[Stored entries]
Segment Open
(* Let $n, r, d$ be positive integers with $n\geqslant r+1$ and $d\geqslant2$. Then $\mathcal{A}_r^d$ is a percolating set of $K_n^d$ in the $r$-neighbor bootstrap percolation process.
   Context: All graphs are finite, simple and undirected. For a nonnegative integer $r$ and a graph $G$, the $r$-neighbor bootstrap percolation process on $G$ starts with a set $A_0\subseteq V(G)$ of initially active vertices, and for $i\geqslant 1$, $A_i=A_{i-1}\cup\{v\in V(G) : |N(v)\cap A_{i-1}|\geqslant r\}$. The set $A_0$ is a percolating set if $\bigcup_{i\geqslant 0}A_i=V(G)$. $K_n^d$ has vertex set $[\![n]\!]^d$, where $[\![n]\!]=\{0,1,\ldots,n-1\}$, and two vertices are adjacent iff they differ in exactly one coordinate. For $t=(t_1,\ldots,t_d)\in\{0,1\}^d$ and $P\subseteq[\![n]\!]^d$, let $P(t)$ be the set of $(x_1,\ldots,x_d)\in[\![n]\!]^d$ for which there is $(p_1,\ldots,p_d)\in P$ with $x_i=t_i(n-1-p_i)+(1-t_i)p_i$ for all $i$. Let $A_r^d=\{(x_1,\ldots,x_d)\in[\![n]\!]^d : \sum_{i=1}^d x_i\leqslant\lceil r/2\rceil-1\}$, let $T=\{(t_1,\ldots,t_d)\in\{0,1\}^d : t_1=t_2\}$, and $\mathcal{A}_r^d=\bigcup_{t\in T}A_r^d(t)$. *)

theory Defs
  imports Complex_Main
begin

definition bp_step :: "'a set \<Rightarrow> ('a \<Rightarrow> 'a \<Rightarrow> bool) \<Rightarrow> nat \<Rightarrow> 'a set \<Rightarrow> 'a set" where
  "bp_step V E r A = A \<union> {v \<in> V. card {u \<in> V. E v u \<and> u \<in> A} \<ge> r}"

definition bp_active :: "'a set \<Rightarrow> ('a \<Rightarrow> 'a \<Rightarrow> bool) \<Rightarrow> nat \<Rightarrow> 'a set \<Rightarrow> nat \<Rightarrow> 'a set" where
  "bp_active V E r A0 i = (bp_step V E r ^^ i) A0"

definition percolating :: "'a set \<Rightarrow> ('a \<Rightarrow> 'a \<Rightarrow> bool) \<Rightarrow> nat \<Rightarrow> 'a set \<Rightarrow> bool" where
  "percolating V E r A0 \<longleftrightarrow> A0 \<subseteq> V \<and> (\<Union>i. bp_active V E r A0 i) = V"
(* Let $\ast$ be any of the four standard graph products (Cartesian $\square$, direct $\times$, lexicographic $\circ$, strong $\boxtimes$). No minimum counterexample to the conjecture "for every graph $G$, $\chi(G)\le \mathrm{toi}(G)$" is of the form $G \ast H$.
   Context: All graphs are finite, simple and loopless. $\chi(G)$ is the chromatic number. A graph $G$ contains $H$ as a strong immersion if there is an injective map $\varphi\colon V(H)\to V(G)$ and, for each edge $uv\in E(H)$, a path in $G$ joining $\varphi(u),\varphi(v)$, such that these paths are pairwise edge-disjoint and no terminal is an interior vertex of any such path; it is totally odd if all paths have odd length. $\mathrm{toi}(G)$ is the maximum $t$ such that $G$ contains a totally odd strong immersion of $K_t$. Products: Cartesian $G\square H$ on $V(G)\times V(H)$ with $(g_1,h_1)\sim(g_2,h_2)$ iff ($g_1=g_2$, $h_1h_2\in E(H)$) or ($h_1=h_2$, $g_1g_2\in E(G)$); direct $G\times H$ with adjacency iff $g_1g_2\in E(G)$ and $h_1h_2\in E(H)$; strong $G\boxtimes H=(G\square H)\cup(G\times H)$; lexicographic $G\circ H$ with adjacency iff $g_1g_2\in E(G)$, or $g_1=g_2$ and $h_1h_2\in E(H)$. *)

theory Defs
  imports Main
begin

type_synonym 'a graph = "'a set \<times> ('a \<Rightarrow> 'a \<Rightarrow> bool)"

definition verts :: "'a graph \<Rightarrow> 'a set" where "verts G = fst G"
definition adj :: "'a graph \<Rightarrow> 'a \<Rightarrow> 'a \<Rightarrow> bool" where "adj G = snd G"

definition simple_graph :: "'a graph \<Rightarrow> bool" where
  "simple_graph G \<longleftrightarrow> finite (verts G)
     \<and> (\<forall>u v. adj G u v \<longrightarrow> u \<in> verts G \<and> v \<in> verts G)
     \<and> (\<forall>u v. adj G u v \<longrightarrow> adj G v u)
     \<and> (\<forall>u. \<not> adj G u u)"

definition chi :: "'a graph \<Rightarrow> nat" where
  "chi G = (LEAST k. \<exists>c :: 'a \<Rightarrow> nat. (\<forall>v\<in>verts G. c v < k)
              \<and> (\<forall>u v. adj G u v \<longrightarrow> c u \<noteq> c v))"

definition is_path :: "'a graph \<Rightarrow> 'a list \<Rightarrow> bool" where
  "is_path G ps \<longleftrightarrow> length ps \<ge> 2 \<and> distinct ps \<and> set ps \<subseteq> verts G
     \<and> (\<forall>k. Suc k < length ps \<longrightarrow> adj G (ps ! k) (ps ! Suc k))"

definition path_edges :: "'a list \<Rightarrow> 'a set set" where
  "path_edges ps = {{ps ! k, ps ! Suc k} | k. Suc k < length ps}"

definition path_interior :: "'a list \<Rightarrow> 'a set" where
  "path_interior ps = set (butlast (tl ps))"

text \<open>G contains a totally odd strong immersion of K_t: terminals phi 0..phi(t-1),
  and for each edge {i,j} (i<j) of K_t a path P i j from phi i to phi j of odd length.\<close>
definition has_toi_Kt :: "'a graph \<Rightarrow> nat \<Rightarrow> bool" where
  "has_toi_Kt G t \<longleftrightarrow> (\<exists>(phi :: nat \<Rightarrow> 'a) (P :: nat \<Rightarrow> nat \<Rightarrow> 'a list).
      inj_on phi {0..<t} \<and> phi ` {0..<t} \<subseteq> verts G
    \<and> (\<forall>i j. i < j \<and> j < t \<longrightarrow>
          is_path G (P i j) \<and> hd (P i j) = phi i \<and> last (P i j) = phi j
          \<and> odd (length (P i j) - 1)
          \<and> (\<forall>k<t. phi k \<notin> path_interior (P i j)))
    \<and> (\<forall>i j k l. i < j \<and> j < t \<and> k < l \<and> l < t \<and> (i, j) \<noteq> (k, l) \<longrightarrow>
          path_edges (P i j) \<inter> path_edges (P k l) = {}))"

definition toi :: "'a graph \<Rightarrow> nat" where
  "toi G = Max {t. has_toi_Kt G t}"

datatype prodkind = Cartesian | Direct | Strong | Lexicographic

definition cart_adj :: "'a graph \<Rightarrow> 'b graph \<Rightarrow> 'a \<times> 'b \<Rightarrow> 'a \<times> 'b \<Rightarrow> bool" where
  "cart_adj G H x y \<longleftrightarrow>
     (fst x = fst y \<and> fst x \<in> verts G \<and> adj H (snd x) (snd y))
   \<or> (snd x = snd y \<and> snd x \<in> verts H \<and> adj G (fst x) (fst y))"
Segment Closed
Exercise directions => Would you reproduce, word for word, the lines from the one holding "nat \<Rightarrow> 'a list)." through the final line of the entries, both included?

Expected answer =>
  "has_toi_Kt G t \<longleftrightarrow> (\<exists>(phi :: nat \<Rightarrow> 'a) (P :: nat \<Rightarrow> nat \<Rightarrow> 'a list).
      inj_on phi {0..<t} \<and> phi ` {0..<t} \<subseteq> verts G
    \<and> (\<forall>i j. i < j \<and> j < t \<longrightarrow>
          is_path G (P i j) \<and> hd (P i j) = phi i \<and> last (P i j) = phi j
          \<and> odd (length (P i j) - 1)
          \<and> (\<forall>k<t. phi k \<notin> path_interior (P i j)))
    \<and> (\<forall>i j k l. i < j \<and> j < t \<and> k < l \<and> l < t \<and> (i, j) \<noteq> (k, l) \<longrightarrow>
          path_edges (P i j) \<inter> path_edges (P k l) = {}))"

definition toi :: "'a graph \<Rightarrow> nat" where
  "toi G = Max {t. has_toi_Kt G t}"

datatype prodkind = Cartesian | Direct | Strong | Lexicographic

definition cart_adj :: "'a graph \<Rightarrow> 'b graph \<Rightarrow> 'a \<times> 'b \<Rightarrow> 'a \<times> 'b \<Rightarrow> bool" where
  "cart_adj G H x y \<longleftrightarrow>
     (fst x = fst y \<and> fst x \<in> verts G \<and> adj H (snd x) (snd y))
   \<or> (snd x = snd y \<and> snd x \<in> verts H \<and> adj G (fst x) (fst y))"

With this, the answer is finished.